Work required = The reply should be an exact transcription of every record.

[Records Boundary: Start]

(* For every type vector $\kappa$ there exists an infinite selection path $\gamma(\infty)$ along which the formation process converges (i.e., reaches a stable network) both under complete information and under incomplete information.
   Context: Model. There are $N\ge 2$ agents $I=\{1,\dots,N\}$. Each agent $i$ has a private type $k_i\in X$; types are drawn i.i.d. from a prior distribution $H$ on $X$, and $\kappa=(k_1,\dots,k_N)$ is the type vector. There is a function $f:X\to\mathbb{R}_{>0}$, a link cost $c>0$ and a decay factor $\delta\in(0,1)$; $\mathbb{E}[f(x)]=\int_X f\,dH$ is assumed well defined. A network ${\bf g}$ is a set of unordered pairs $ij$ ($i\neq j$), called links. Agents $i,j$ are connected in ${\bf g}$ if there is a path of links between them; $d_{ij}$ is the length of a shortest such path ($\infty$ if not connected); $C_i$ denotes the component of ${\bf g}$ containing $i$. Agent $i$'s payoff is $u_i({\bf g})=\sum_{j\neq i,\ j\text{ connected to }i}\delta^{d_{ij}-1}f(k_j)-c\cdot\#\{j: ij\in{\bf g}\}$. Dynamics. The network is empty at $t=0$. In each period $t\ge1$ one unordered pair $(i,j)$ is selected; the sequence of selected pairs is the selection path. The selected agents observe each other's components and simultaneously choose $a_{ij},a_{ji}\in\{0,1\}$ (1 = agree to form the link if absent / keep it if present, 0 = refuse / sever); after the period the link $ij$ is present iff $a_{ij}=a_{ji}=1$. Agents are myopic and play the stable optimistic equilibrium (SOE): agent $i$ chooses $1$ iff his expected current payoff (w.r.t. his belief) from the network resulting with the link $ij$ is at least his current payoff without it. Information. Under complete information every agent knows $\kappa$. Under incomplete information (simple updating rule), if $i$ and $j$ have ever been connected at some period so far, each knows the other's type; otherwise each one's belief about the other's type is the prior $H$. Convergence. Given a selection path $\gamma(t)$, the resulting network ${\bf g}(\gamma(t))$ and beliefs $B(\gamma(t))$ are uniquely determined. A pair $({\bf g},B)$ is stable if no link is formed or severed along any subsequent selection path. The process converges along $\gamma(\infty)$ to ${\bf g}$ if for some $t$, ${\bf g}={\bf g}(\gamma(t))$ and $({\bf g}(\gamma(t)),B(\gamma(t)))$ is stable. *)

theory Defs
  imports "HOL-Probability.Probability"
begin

[Records Boundary: End]

Written answer =
(* For every type vector $\kappa$ there exists an infinite selection path $\gamma(\infty)$ along which the formation process converges (i.e., reaches a stable network) both under complete information and under incomplete information.
   Context: Model. There are $N\ge 2$ agents $I=\{1,\dots,N\}$. Each agent $i$ has a private type $k_i\in X$; types are drawn i.i.d. from a prior distribution $H$ on $X$, and $\kappa=(k_1,\dots,k_N)$ is the type vector. There is a function $f:X\to\mathbb{R}_{>0}$, a link cost $c>0$ and a decay factor $\delta\in(0,1)$; $\mathbb{E}[f(x)]=\int_X f\,dH$ is assumed well defined. A network ${\bf g}$ is a set of unordered pairs $ij$ ($i\neq j$), called links. Agents $i,j$ are connected in ${\bf g}$ if there is a path of links between them; $d_{ij}$ is the length of a shortest such path ($\infty$ if not connected); $C_i$ denotes the component of ${\bf g}$ containing $i$. Agent $i$'s payoff is $u_i({\bf g})=\sum_{j\neq i,\ j\text{ connected to }i}\delta^{d_{ij}-1}f(k_j)-c\cdot\#\{j: ij\in{\bf g}\}$. Dynamics. The network is empty at $t=0$. In each period $t\ge1$ one unordered pair $(i,j)$ is selected; the sequence of selected pairs is the selection path. The selected agents observe each other's components and simultaneously choose $a_{ij},a_{ji}\in\{0,1\}$ (1 = agree to form the link if absent / keep it if present, 0 = refuse / sever); after the period the link $ij$ is present iff $a_{ij}=a_{ji}=1$. Agents are myopic and play the stable optimistic equilibrium (SOE): agent $i$ chooses $1$ iff his expected current payoff (w.r.t. his belief) from the network resulting with the link $ij$ is at least his current payoff without it. Information. Under complete information every agent knows $\kappa$. Under incomplete information (simple updating rule), if $i$ and $j$ have ever been connected at some period so far, each knows the other's type; otherwise each one's belief about the other's type is the prior $H$. Convergence. Given a selection path $\gamma(t)$, the resulting network ${\bf g}(\gamma(t))$ and beliefs $B(\gamma(t))$ are uniquely determined. A pair $({\bf g},B)$ is stable if no link is formed or severed along any subsequent selection path. The process converges along $\gamma(\infty)$ to ${\bf g}$ if for some $t$, ${\bf g}={\bf g}(\gamma(t))$ and $({\bf g}(\gamma(t)),B(\gamma(t)))$ is stable. *)

theory Defs
  imports "HOL-Probability.Probability"
begin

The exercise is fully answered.